Depois de fazer mais alguns cálculos, a equipe concluiu que o sistema envolvia um mundo com a massa de Júpiter e uma estrela anã branca com cerca de metade da massa do Sol. A órbita do planeta o leva pelo menos 2,8 vezes mais longe de sua estrela do que a Terra em relação ao Sol, colocando-o aproximadamente no mesmo lugar que o cinturão de asteroides do nosso Sistema Solar.

“Este planeta está onde esperamos que planetas gigantes se formem”, diz Gaudi. “E isso mostra que esses planetas análogos a Júpiter conseguem sobreviver à evolução de uma estrela semelhante ao Sol.”

De alguma forma, o mundo gigantesco cresceu e ficou no lugar certo para evitar as consequências letais da transformação de sua estrela — uma distância que depende não apenas da estrela moribunda, mas das características do planeta e dos movimentos de quaisquer irmãos que ele possa ter.

Procurando por mais planetas ao redor de anãs brancas

Astrônomos já encontraram evidências de planetas orbitando anãs brancas antes, mas nenhuma dessas descobertas é como a atual. Em 2019, uma equipe internacional de astrônomos avistou um anel de destroços gasosos ao redor de uma anã branca e presumiu que um pequeno e denso remanescente planetário poderia fazer parte dos destroços — um mundo destruído que pode servir de exemplo ao que acontecerá com a Terra. Diversos outros discos de destroços também foram identificados, considerados restos fragmentados de planetas e asteroides sem sorte.

No ano passado, outra equipe que utilizava o instrumento TESS da Nasa para procurar exoplanetas identificou um candidato a planeta — um mundo gigante — que orbitava uma anã branca em apenas 34 horas.
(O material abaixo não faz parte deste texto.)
text \<open>A convex function on \<open>[0, 1]\<close> is continuous in the interior; at the endpoints it is
  upper semicontinuous because it lies below its chord, and lower semicontinuous as a supremum of
  continuous functions.\<close>
lemma continuous_on_convex_SUP_unit_interval:
  fixes \<phi> :: "real \<Rightarrow> real" and f :: "'p \<Rightarrow> real \<Rightarrow> real"
  assumes convex: "convex_on {0..1} \<phi>" and P: "P \<noteq> {}"
    and cont: "\<And>\<mu>. \<mu> \<in> P \<Longrightarrow> continuous_on {0..1} (f \<mu>)"
    and bdd: "\<And>t. t \<in> {0..1} \<Longrightarrow> bdd_above ((\<lambda>\<mu>. f \<mu> t) ` P)"
    and \<phi>_eq: "\<And>t. t \<in> {0..1} \<Longrightarrow> \<phi> t = (SUP \<mu>\<in>P. f \<mu> t)"
  shows "continuous_on {0..1} \<phi>"
proof -
  have chord: "\<phi> s \<le> (1 - s) * \<phi> 0 + s * \<phi> 1" if "s \<in> {0..1}" for s
    using convex_onD[OF convex, of s 0 1] that by simp
  have in_01: "eventually (\<lambda>s. s \<in> {0..1}) (at t within {0..1})" for t :: real
    by (simp add: eventually_at_filter)
  have "continuous (at t within {0..1}) \<phi>" if t: "t \<in> {0..1}" for t
  proof (cases "t \<in> {0<..<1}")
    case True
    have "convex_on {0<..<1} \<phi>"
      by (rule convex_on_subset[OF convex]) auto
    then have "continuous_on {0<..<1} \<phi>"
      by (rule convex_on_continuous[OF open_greaterThanLessThan])
    then have "continuous (at t) \<phi>"
      using True by (simp add: continuous_on_eq_continuous_at)
    then show ?thesis
      by (rule continuous_at_imp_continuous_within)
  next
    case False
    with t have endpoint: "t = 0 \<or> t = 1" by auto
    show ?thesis unfolding continuous_within
    proof (rule order_tendstoI)
      fix a assume "a < \<phi> t"
      then obtain \<mu> where \<mu>: "\<mu> \<in> P" "a < f \<mu> t"
        using less_cSUP_iff[OF P bdd[OF t]] \<phi>_eq[OF t] by auto
      have "eventually (\<lambda>s. a < f \<mu> s) (at t within {0..1})"
        using cont[OF \<mu>(1)] t \<mu>(2)
        by (intro order_tendstoD(1)) (auto simp: continuous_on_eq_continuous_within continuous_within)
      then show "eventually (\<lambda>s. a < \<phi> s) (at t within {0..1})"
        using in_01[of t]
      proof eventually_elim
        case (elim s)
        with cSUP_upper[OF \<mu>(1) bdd[OF elim(2)]] \<phi>_eq[OF elim(2)] show ?case
          by linarith
      qed
    next
      fix a assume "\<phi> t < a"
      have "((\<lambda>s. (1 - s) * \<phi> 0 + s * \<phi> 1) \<longlongrightarrow> (1 - t) * \<phi> 0 + t * \<phi> 1)
          (at t within {0..1})"
        by (intro tendsto_intros)
      moreover have "(1 - t) * \<phi> 0 + t * \<phi> 1 = \<phi> t"
        using endpoint by auto
      ultimately have "eventually (\<lambda>s. (1 - s) * \<phi> 0 + s * \<phi> 1 < a) (at t within {0..1})"
        using \<open>\<phi> t < a\<close> by (metis order_tendstoD(2))
      then show "eventually (\<lambda>s. \<phi> s < a) (at t within {0..1})"
        using in_01[of t] by eventually_elim (use chord in fastforce)
    qed
  qed
  then show ?thesis
    by (simp add: continuous_on_eq_continuous_within)
qed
Esse planeta está tão perto de sua estrela hospedeira que “definitivamente teria sido engolido durante a fase de gigante vermelha”, diz Becker. “O que significa que teve que migrar para sua localização após a estrela ter se transformado em uma anã branca.”

E nas últimas duas décadas, os cientistas observaram vestígios de elementos químicos na face de estrelas anãs brancas — que são as migalhas de mundos rochosos triturados.

Todas essas observações, além do sistema recém-descoberto, sugerem que alguns planetas conseguem sobreviver às transformações evolutivas de suas estrelas hospedeiras — pelo menos por um tempo. Mas os processos que determinam se um planeta sobreviverá ou não ainda são confusos.

O Telescópio Espacial Nancy Grace Roman da Nasa, com lançamento previsto para meados da década de 2020, deve revelar diversos planetas orbitando anãs brancas. E conforme os astrônomos localizam mais planetas circundando esses corpos estelares, aprenderão mais sobre como o fim da vida de uma estrela altera a arquitetura dos sistemas planetários, permitindo-nos contemplar o futuro do nosso Sistema Solar.

“O sistema recém-descoberto pode inclusive ter outros planetas orbitando a anã branca”, comenta Bennett. Ao passo que nosso próprio planeta não sobreviverá à morte dramática do Sol — pelo menos não em um estado reconhecível — talvez outros mundos sobrevivam e o Sistema Solar continue a existir, mesmo que transformado.